◆ WHAT IS BEING ASKED:
Write out again only the lines running from the one that contains "using T assms(2)" to the end of the records below, including both the first and the last.

***** TASK INPUTS *****

(* Consider the client selection problem and the COCS policy described in the context, run with input parameters $K(t)=t^{z}\log(t)$ and $h_T=\lceil T^{\gamma}\rceil$, where $0<z<1$ and $0<\gamma<\frac12$. Then the expected regret incurred in exploration rounds satisfies $$\mathbb{E}[R_{\text{explore}}(T)]\le \frac{4N^2MB}{c^{\min}}\left(T^{z+2\gamma}\log(T)+T^{2\gamma}\right),$$ where $c^{\min}=\min_{n,t}c_n(y_n^t)$.
   Context: Setting. There are $N$ clients indexed by $\mathcal N=\{1,\dots,N\}$, $M$ edge servers (ESs) indexed by $\mathcal M=\{1,\dots,M\}$, and rounds $t=1,\dots,T$. In round $t$, ES $m$ can communicate with a set $\mathcal N_m^t\subseteq\mathcal N$ of clients (these sets may overlap). Each client $n$ reveals computation resources $y_n^t$ and charges a cost $c_n(y_n^t)>0$, with $c_n$ nondecreasing; $c^{\min}=\min_{n,t}c_n(y_n^t)$. Each ES has budget $B>0$. A feasible client selection decision in round $t$ is $\bm s^t=(\bm s_1^t,\dots,\bm s_M^t)$ with $\bm s_m^t\subseteq\mathcal N_m^t$, $\sum_{n\in\bm s_m^t}c_n(y_n^t)\le B$ for every $m$, and $\bm s_m^t\cap\bm s_{m'}^t=\emptyset$ for $m\neq m'$. Each client-ES pair $(n,m)$ with $n\in\mathcal N_m^t$ has an observed context $\phi_{n,m}^t\in\Phi=[0,1]^2$. If client $n$ is selected by ES $m$ in round $t$, its participation indicator $X_{n,m}^t\in\{0,1\}$ is Bernoulli with mean $p_{n,m}(\phi_{n,m}^t)$, where $p_{n,m}:\Phi\to[0,1]$ is unknown. The utility is $\mu(\bm s^t;\bm X^t)=\frac1M\sum_{m\in\mathcal M}\sum_{n\in\bm s_m^t}X_{n,m}^t$ (and $\mu(\bm s;\bm p^t)$ is the same expression with $p_{n,m}(\phi^t_{n,m})$ in place of $X^t_{n,m}$). The oracle decision $\bm s^{\mathrm{opt},t}$ maximizes $\mu(\bm s;\bm p^t)$ over feasible decisions. The expected regret of a policy choosing $\bm s^1,\dots,\bm s^T$ is $\mathbb E[R(T)]=\sum_{t=1}^T(\mathbb E[\mu(\bm s^{\mathrm{opt},t};\bm X^t)]-\mathbb E[\mu(\bm s^t;\bm X^t)])$. COCS policy (inputs: increasing function $K$, integer $h_T$). Partition $\Phi$ into $h_T^2$ squares of side $1/h_T$. For each pair $(n,m)$ and square $l$ keep a counter $C_{n,m}(l)$ (initially $0$) and an estimate $\hat p_{n,m}(l)$ equal to the sample mean of the indicators observed when $n$ was selected by $m$ with context in $l$ (initially $0$). In round $t$: observe all contexts, let $l^t_{n,m}$ be the square containing $\phi^t_{n,m}$ and set $\hat X^t_{n,m}=\hat p_{n,m}(l^t_{n,m})$; a pair is under-explored if $C_{n,m}(l^t_{n,m})\le K(t)$. If an under-explored pair exists (exploration round), select a feasible decision that first maximizes the number of selected under-explored clients and then spends the remaining per-ES budget on explored clients so as to maximize $\mu(\cdot;\hat{\bm X}^t)$ (when every ES has under-explored clients, simply a feasible decision of maximum cardinality). Otherwise (exploitation round), select a feasible $\bm s^t$ maximizing $\mu(\bm s;\hat{\bm X}^t)$. At the end of the round, for each selected pair observe $X^t_{n,m}$, update $\hat p_{n,m}(l^t_{n,m})$ as a running mean and increment $C_{n,m}(l^t_{n,m})$. $R_{\text{explore}}(T)$ and $R_{\text{exploit}}(T)$ denote the parts of the regret summed over exploration rounds and over exploitation rounds respectively, so $R(T)=R_{\text{explore}}(T)+R_{\text{exploit}}(T)$. *)

theory Defs
  imports "HOL-Probability.Probability"
begin

text \<open>Clients are 1..N, edge servers 1..M, rounds 1..T.
  A decision is a function from ES index m to the set of clients it selects.
  Nav m is the set of clients ES m can reach in the round; cst n = c_n(y_n^t).\<close>

definition feasible :: "nat \<Rightarrow> (nat \<Rightarrow> nat set) \<Rightarrow> (nat \<Rightarrow> real) \<Rightarrow> real \<Rightarrow> (nat \<Rightarrow> nat set) \<Rightarrow> bool" where
  "feasible M Nav cst B sm \<longleftrightarrow>
     (\<forall>m\<in>{1..M}. sm m \<subseteq> Nav m \<and> (\<Sum>n\<in>sm m. cst n) \<le> B) \<and>
     (\<forall>m\<in>{1..M}. \<forall>m'\<in>{1..M}. m \<noteq> m' \<longrightarrow> sm m \<inter> sm m' = {})"

definition util :: "nat \<Rightarrow> (nat \<Rightarrow> nat set) \<Rightarrow> (nat \<Rightarrow> nat \<Rightarrow> real) \<Rightarrow> real" where
  "util M sm v = (1 / real M) * (\<Sum>m\<in>{1..M}. \<Sum>n\<in>sm m. v n m)"
lemma lower_facet_iff:
  assumes r: "facet_hyperplane P F a b" and F: "F facet_of P"
  shows "lower_facet P F \<longleftrightarrow> a $ last_coord < 0"
proof
  assume low: "lower_facet P F"
  obtain x where x: "x \<in> rel_interior F" using facet_rel_interior_nonempty[OF F] .
  obtain \<mu> where \<mu>: "\<mu> * a $ last_coord < 0" "x + \<mu> *\<^sub>R axis last_coord 1 \<in> P"
    using facet_vertical_step_inside[OF r x] .
  have "x \<in> F" using x rel_interior_subset by blast
  then have "\<mu> \<ge> 0" using low \<mu>(2) proj_add_vertical[of x \<mu>] unfolding lower_facet_def by force
  then show "a $ last_coord < 0" using \<mu>(1) by (simp add: mult_less_0_iff)
next
  assume "a $ last_coord < 0"
  then show "lower_facet P F"
    using facet_hyperplane_height_le[OF r] hull_subset[of F affine]
    unfolding lower_facet_def by (force simp: mult_le_0_iff)
qed

lemma facet_sign_eq_sgn:
  assumes r: "facet_hyperplane P F a b" and F: "F facet_of P"
  shows "facet_sign P F = sgn (a $ last_coord)"
proof -
  obtain x where x: "x \<in> rel_interior F" using facet_rel_interior_nonempty[OF F] .
  have xF: "x \<in> F" using x rel_interior_subset by blast
  have xP: "x \<in> P" using xF facet_of_imp_subset[OF F] by blast
  have a0: "a $ last_coord \<noteq> 0" using r facet_hyperplane_def by blast
  show ?thesis
  proof (cases "a $ last_coord > 0")
    case True
    then have "x \<in> PB CARD('n) P"
      using upper_facet_iff[OF r F] xF mem_PB_card_iff[OF P_compact xP]
      unfolding upper_facet_def by (simp add: lastc_card)
    then show ?thesis using True x unfolding facet_sign_def by auto
  next
    case False
    then have neg: "a $ last_coord < 0" using a0 by simp
    have "z \<notin> PB CARD('n) P" if z: "z \<in> rel_interior F" for z
    proof
      assume "z \<in> PB CARD('n) P"
      have zF: "z \<in> F" using z rel_interior_subset by blast
      then have zP: "z \<in> P" using facet_of_imp_subset[OF F] by blast
      obtain \<mu> where \<mu>: "\<mu> * a $ last_coord < 0" "z + \<mu> *\<^sub>R axis last_coord 1 \<in> P"
        using facet_vertical_step_inside[OF r z] .
      have "\<forall>w\<in>P. proj CARD('n) w = proj CARD('n) z \<longrightarrow> w $ last_coord \<le> z $ last_coord"
        using \<open>z \<in> PB CARD('n) P\<close> mem_PB_card_iff[OF P_compact zP] by (simp add: lastc_card)
      then have "(z + \<mu> *\<^sub>R axis last_coord 1) $ last_coord \<le> z $ last_coord"
        using \<mu>(2) proj_add_vertical[of z \<mu>] by blast
      then show False using \<mu>(1) neg by (simp add: mult_less_0_iff)
    qed
    moreover have "x \<in> NB CARD('n) P"
      using lower_facet_iff[OF r F] neg xF mem_NB_card_iff[OF P_compact xP]
      unfolding lower_facet_def by (simp add: lastc_card)
    ultimately show ?thesis using neg x unfolding facet_sign_def by auto
  qed
qed
(* Let $X_1,\dots,X_n$ be (possibly dependent) identically distributed component lifetimes with common distribution that of $X$, and let $\tau_1(\mathbf X)$ and $\tau_2(\mathbf X)$ be lifetimes of two coherent systems built on such components, with domination functions $h_1$ and $h_2$ respectively, i.e. $\bar F_{\tau_i(\mathbf X)}(x)=h_i(\bar F_X(x))$, $i=1,2$. Let $H_i(p)=p h_i'(p)/h_i(p)$, $p\in(0,1)$. Then $\tau_1(\mathbf X)\underset{c}{\prec}\tau_2(\mathbf X)$ (resp. $\tau_1(\mathbf X)\underset{c}{\succ}\tau_2(\mathbf X)$) if and only if $H_1(p)/H_2(p)$ is decreasing (resp. increasing) in $p\in(0,1)$.
   Context: All random variables are non-negative and absolutely continuous with support $[0,\infty)$. For a random variable $W$: density $f_W$, survival function $\bar F_W$, hazard rate $r_W=f_W/\bar F_W$. $U\underset{c}{\prec}V$ means $r_U(x)/r_V(x)$ is increasing in $x\ge0$; $U\underset{c}{\succ}V$ means $V\underset{c}{\prec}U$. The domination function $h:[0,1]\to[0,1]$ of a coherent system with identically distributed (possibly dependent) components is the function, depending on the structure and the survival copula, with system reliability $h(\bar F_X(x))$; it is increasing, continuous, $h(0)=0$, $h(1)=1$, assumed differentiable. "Increasing" means non-decreasing, "decreasing" means non-increasing. *)

theory Defs
  imports "HOL-Analysis.Analysis"
begin

text \<open>A non-negative absolutely continuous lifetime with support [0,infinity),
  given by its survival function S and density f; the density is taken to be
  the (right) derivative of -S at every point x \<ge> 0.\<close>
definition lifetime :: "(real \<Rightarrow> real) \<Rightarrow> (real \<Rightarrow> real) \<Rightarrow> bool" where
  "lifetime S f \<longleftrightarrow>
     (\<forall>x\<le>0. S x = 1) \<and>
     (\<forall>x y. 0 \<le> x \<longrightarrow> x < y \<longrightarrow> S y < S x) \<and>
     (S \<longlongrightarrow> 0) at_top \<and>
     (\<forall>x<0. f x = 0) \<and>
     (\<forall>x\<ge>0. f x \<ge> 0 \<and> (S has_real_derivative - f x) (at x within {0..}))"

definition hazard :: "(real \<Rightarrow> real) \<Rightarrow> (real \<Rightarrow> real) \<Rightarrow> real \<Rightarrow> real" where
  "hazard S f x = f x / S x"

definition c_prec :: "(real \<Rightarrow> real) \<Rightarrow> (real \<Rightarrow> real) \<Rightarrow> (real \<Rightarrow> real) \<Rightarrow> (real \<Rightarrow> real) \<Rightarrow> bool" where
  "c_prec SU fU SV fV \<longleftrightarrow> mono_on {0..} (\<lambda>x. hazard SU fU x / hazard SV fV x)"

definition domination_fun :: "(real \<Rightarrow> real) \<Rightarrow> (real \<Rightarrow> real) \<Rightarrow> bool" where
  "domination_fun h h' \<longleftrightarrow>
     mono_on {0..1} h \<and> continuous_on {0..1} h \<and> h 0 = 0 \<and> h 1 = 1 \<and>
     (\<forall>p\<in>{0..1}. (h has_real_derivative h' p) (at p within {0..1}))"

definition Hfun :: "(real \<Rightarrow> real) \<Rightarrow> (real \<Rightarrow> real) \<Rightarrow> real \<Rightarrow> real" where
  "Hfun h h' p = p * h' p / h p"

end

theory Submission
  imports Defs
begin
lemma has_bochner_integral_PiM_sum_square:
  fixes f :: "'a \<Rightarrow> real" and c :: real
  assumes "prob_space M" "finite I"
    and f: "has_bochner_integral M f 0" and f2: "has_bochner_integral M (\<lambda>x. (f x)\<^sup>2) c"
  shows "has_bochner_integral (PiM I (\<lambda>_. M)) (\<lambda>x. (\<Sum>i\<in>I. f (x i))\<^sup>2) (card I * c)"
proof -
  interpret product_prob_space "\<lambda>_. M" I
    using product_prob_spaceI[of "\<lambda>_. M"] assms(1) by simp
  have cross: "has_bochner_integral (PiM I (\<lambda>_. M)) (\<lambda>x. f (x i) * f (x j))
      (if i = j then c else 0)" if "i \<in> I" "j \<in> I" for i j
  proof (cases "i = j")
    case True
    then show ?thesis
      using has_bochner_integral_PiM_component[OF assms(1) \<open>i \<in> I\<close> f2]
      by (simp add: power2_eq_square)
  next
    case False
    define g where "g k = (if k \<in> {i, j} then f else (\<lambda>_. 1))" for k
    have g: "integrable M (g k)" for k
      using f by (auto simp: g_def has_bochner_integral_iff)
    have prod_g: "(\<Prod>k\<in>I. g k (x k)) = f (x i) * f (x j)" for x
    proof -
      have "(\<Prod>k\<in>I. g k (x k)) = (\<Prod>k\<in>I. if k \<in> {i, j} then f (x k) else 1)"
        by (intro prod.cong) (simp_all add: g_def)
      also have "\<dots> = (\<Prod>k\<in>I \<inter> {i, j}. f (x k))"
        using \<open>finite I\<close> by (rule prod.inter_restrict[symmetric])
      also have "I \<inter> {i, j} = {i, j}"
        using that by auto
      finally show ?thesis
        using False by simp
    qed
    have "(\<Prod>k\<in>I. integral\<^sup>L M (g k)) = 0"
      using f that \<open>finite I\<close> by (intro prod_zero) (auto simp: g_def has_bochner_integral_iff)
    then show ?thesis
      using product_integrable_prod[of I g] product_integral_prod[of I g] g \<open>finite I\<close> False
      by (simp add: has_bochner_integral_iff prod_g)
  qed
  have "has_bochner_integral (PiM I (\<lambda>_. M)) (\<lambda>x. \<Sum>i\<in>I. \<Sum>j\<in>I. f (x i) * f (x j))
          (\<Sum>i\<in>I. \<Sum>j\<in>I. if i = j then c else 0)"
    using cross by (intro has_bochner_integral_sum) auto
  then show ?thesis
    using \<open>finite I\<close> by (simp add: power2_eq_square sum_product)
qed

lemma has_bochner_integral_mult_density:
  fixes L T :: "'a \<Rightarrow> real"
  assumes [measurable]: "L \<in> borel_measurable M" and "\<And>x. 0 \<le> L x"
    and T: "integrable (density M L) T"
  shows "has_bochner_integral M (\<lambda>x. L x * T x) (\<integral>x. T x \<partial>density M L)"
proof -
  have [measurable]: "T \<in> borel_measurable M"
    using borel_measurable_integrable[OF T] by simp
  show ?thesis
    using T assms(2) by (simp add: has_bochner_integral_iff integrable_density integral_density)
qed

section \<open>The Hammersley-Chapman-Robbins inequality\<close>

lemma hammersley_chapman_robbins:
  fixes L T :: "'a \<Rightarrow> real"
  assumes "prob_space M"
    and L: "has_bochner_integral M L 1"
    and L2: "has_bochner_integral M (\<lambda>x. (L x)\<^sup>2) c" and "1 < c"
    and T: "has_bochner_integral M T \<mu>"
    and LT: "has_bochner_integral M (\<lambda>x. L x * T x) (\<mu> + \<Delta>)"
    and T2: "has_bochner_integral M (\<lambda>x. (T x - \<mu>)\<^sup>2) V"
  shows "\<Delta>\<^sup>2 / (c - 1) \<le> V"
proof -
  interpret prob_space M by fact
  have const: "has_bochner_integral M (\<lambda>_. a) a" for a :: real
    by (simp add: has_bochner_integral_iff prob_space)
  \<comment> \<open>\<open>k\<close> minimises the expansion of \<open>E (T - \<mu> - k (L - 1))\<^sup>2 \<ge> 0\<close>, whose cross term is
      \<open>Cov (T, L) = \<Delta>\<close>.\<close>
  define k where "k = \<Delta> / (c - 1)"
  have "has_bochner_integral M
      (\<lambda>x. (T x - \<mu>)\<^sup>2 - 2 * k * (L x * T x - \<mu> * L x - T x + \<mu>) + k\<^sup>2 * ((L x)\<^sup>2 - 2 * L x + 1))
      (V - 2 * k * ((\<mu> + \<Delta>) - \<mu> * 1 - \<mu> + \<mu>) + k\<^sup>2 * (c - 2 * 1 + 1))"
    by (intro has_bochner_integral_add has_bochner_integral_diff has_bochner_integral_mult_right
        L L2 T LT T2 const)
  then have "has_bochner_integral M (\<lambda>x. (T x - \<mu> - k * (L x - 1))\<^sup>2)
      (V - 2 * k * \<Delta> + k\<^sup>2 * (c - 1))"
    by (rule has_bochner_integral_cong[THEN iffD1, rotated -1])
       (simp_all add: power2_eq_square algebra_simps)
  moreover have "0 \<le> (\<integral>x. (T x - \<mu> - k * (L x - 1))\<^sup>2 \<partial>M)"
    by (rule integral_nonneg_AE) simp
  ultimately have "0 \<le> V - 2 * k * \<Delta> + k\<^sup>2 * (c - 1)"
    by (simp add: has_bochner_integral_integral_eq)
  also have "\<dots> = V - k * \<Delta>"
  proof -
    have "k * (c - 1) = \<Delta>"
      using \<open>1 < c\<close> by (simp add: k_def)
    then show ?thesis
      by (simp add: power2_eq_square algebra_simps flip: \<open>k * (c - 1) = \<Delta>\<close>)
  qed
  also have "\<dots> = V - \<Delta>\<^sup>2 / (c - 1)"
    by (simp add: k_def power2_eq_square)
  finally show ?thesis
    by simp
qed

*****

◆ REPLY:
    using T assms(2) by (simp add: has_bochner_integral_iff integrable_density integral_density)
qed

section \<open>The Hammersley-Chapman-Robbins inequality\<close>

lemma hammersley_chapman_robbins:
  fixes L T :: "'a \<Rightarrow> real"
  assumes "prob_space M"
    and L: "has_bochner_integral M L 1"
    and L2: "has_bochner_integral M (\<lambda>x. (L x)\<^sup>2) c" and "1 < c"
    and T: "has_bochner_integral M T \<mu>"
    and LT: "has_bochner_integral M (\<lambda>x. L x * T x) (\<mu> + \<Delta>)"
    and T2: "has_bochner_integral M (\<lambda>x. (T x - \<mu>)\<^sup>2) V"
  shows "\<Delta>\<^sup>2 / (c - 1) \<le> V"
proof -
  interpret prob_space M by fact
  have const: "has_bochner_integral M (\<lambda>_. a) a" for a :: real
    by (simp add: has_bochner_integral_iff prob_space)
  \<comment> \<open>\<open>k\<close> minimises the expansion of \<open>E (T - \<mu> - k (L - 1))\<^sup>2 \<ge> 0\<close>, whose cross term is
      \<open>Cov (T, L) = \<Delta>\<close>.\<close>
  define k where "k = \<Delta> / (c - 1)"
  have "has_bochner_integral M
      (\<lambda>x. (T x - \<mu>)\<^sup>2 - 2 * k * (L x * T x - \<mu> * L x - T x + \<mu>) + k\<^sup>2 * ((L x)\<^sup>2 - 2 * L x + 1))
      (V - 2 * k * ((\<mu> + \<Delta>) - \<mu> * 1 - \<mu> + \<mu>) + k\<^sup>2 * (c - 2 * 1 + 1))"
    by (intro has_bochner_integral_add has_bochner_integral_diff has_bochner_integral_mult_right
        L L2 T LT T2 const)
  then have "has_bochner_integral M (\<lambda>x. (T x - \<mu> - k * (L x - 1))\<^sup>2)
      (V - 2 * k * \<Delta> + k\<^sup>2 * (c - 1))"
    by (rule has_bochner_integral_cong[THEN iffD1, rotated -1])
       (simp_all add: power2_eq_square algebra_simps)
  moreover have "0 \<le> (\<integral>x. (T x - \<mu> - k * (L x - 1))\<^sup>2 \<partial>M)"
    by (rule integral_nonneg_AE) simp
  ultimately have "0 \<le> V - 2 * k * \<Delta> + k\<^sup>2 * (c - 1)"
    by (simp add: has_bochner_integral_integral_eq)
  also have "\<dots> = V - k * \<Delta>"
  proof -
    have "k * (c - 1) = \<Delta>"
      using \<open>1 < c\<close> by (simp add: k_def)
    then show ?thesis
      by (simp add: power2_eq_square algebra_simps flip: \<open>k * (c - 1) = \<Delta>\<close>)
  qed
  also have "\<dots> = V - \<Delta>\<^sup>2 / (c - 1)"
    by (simp add: k_def power2_eq_square)
  finally show ?thesis
    by simp
qed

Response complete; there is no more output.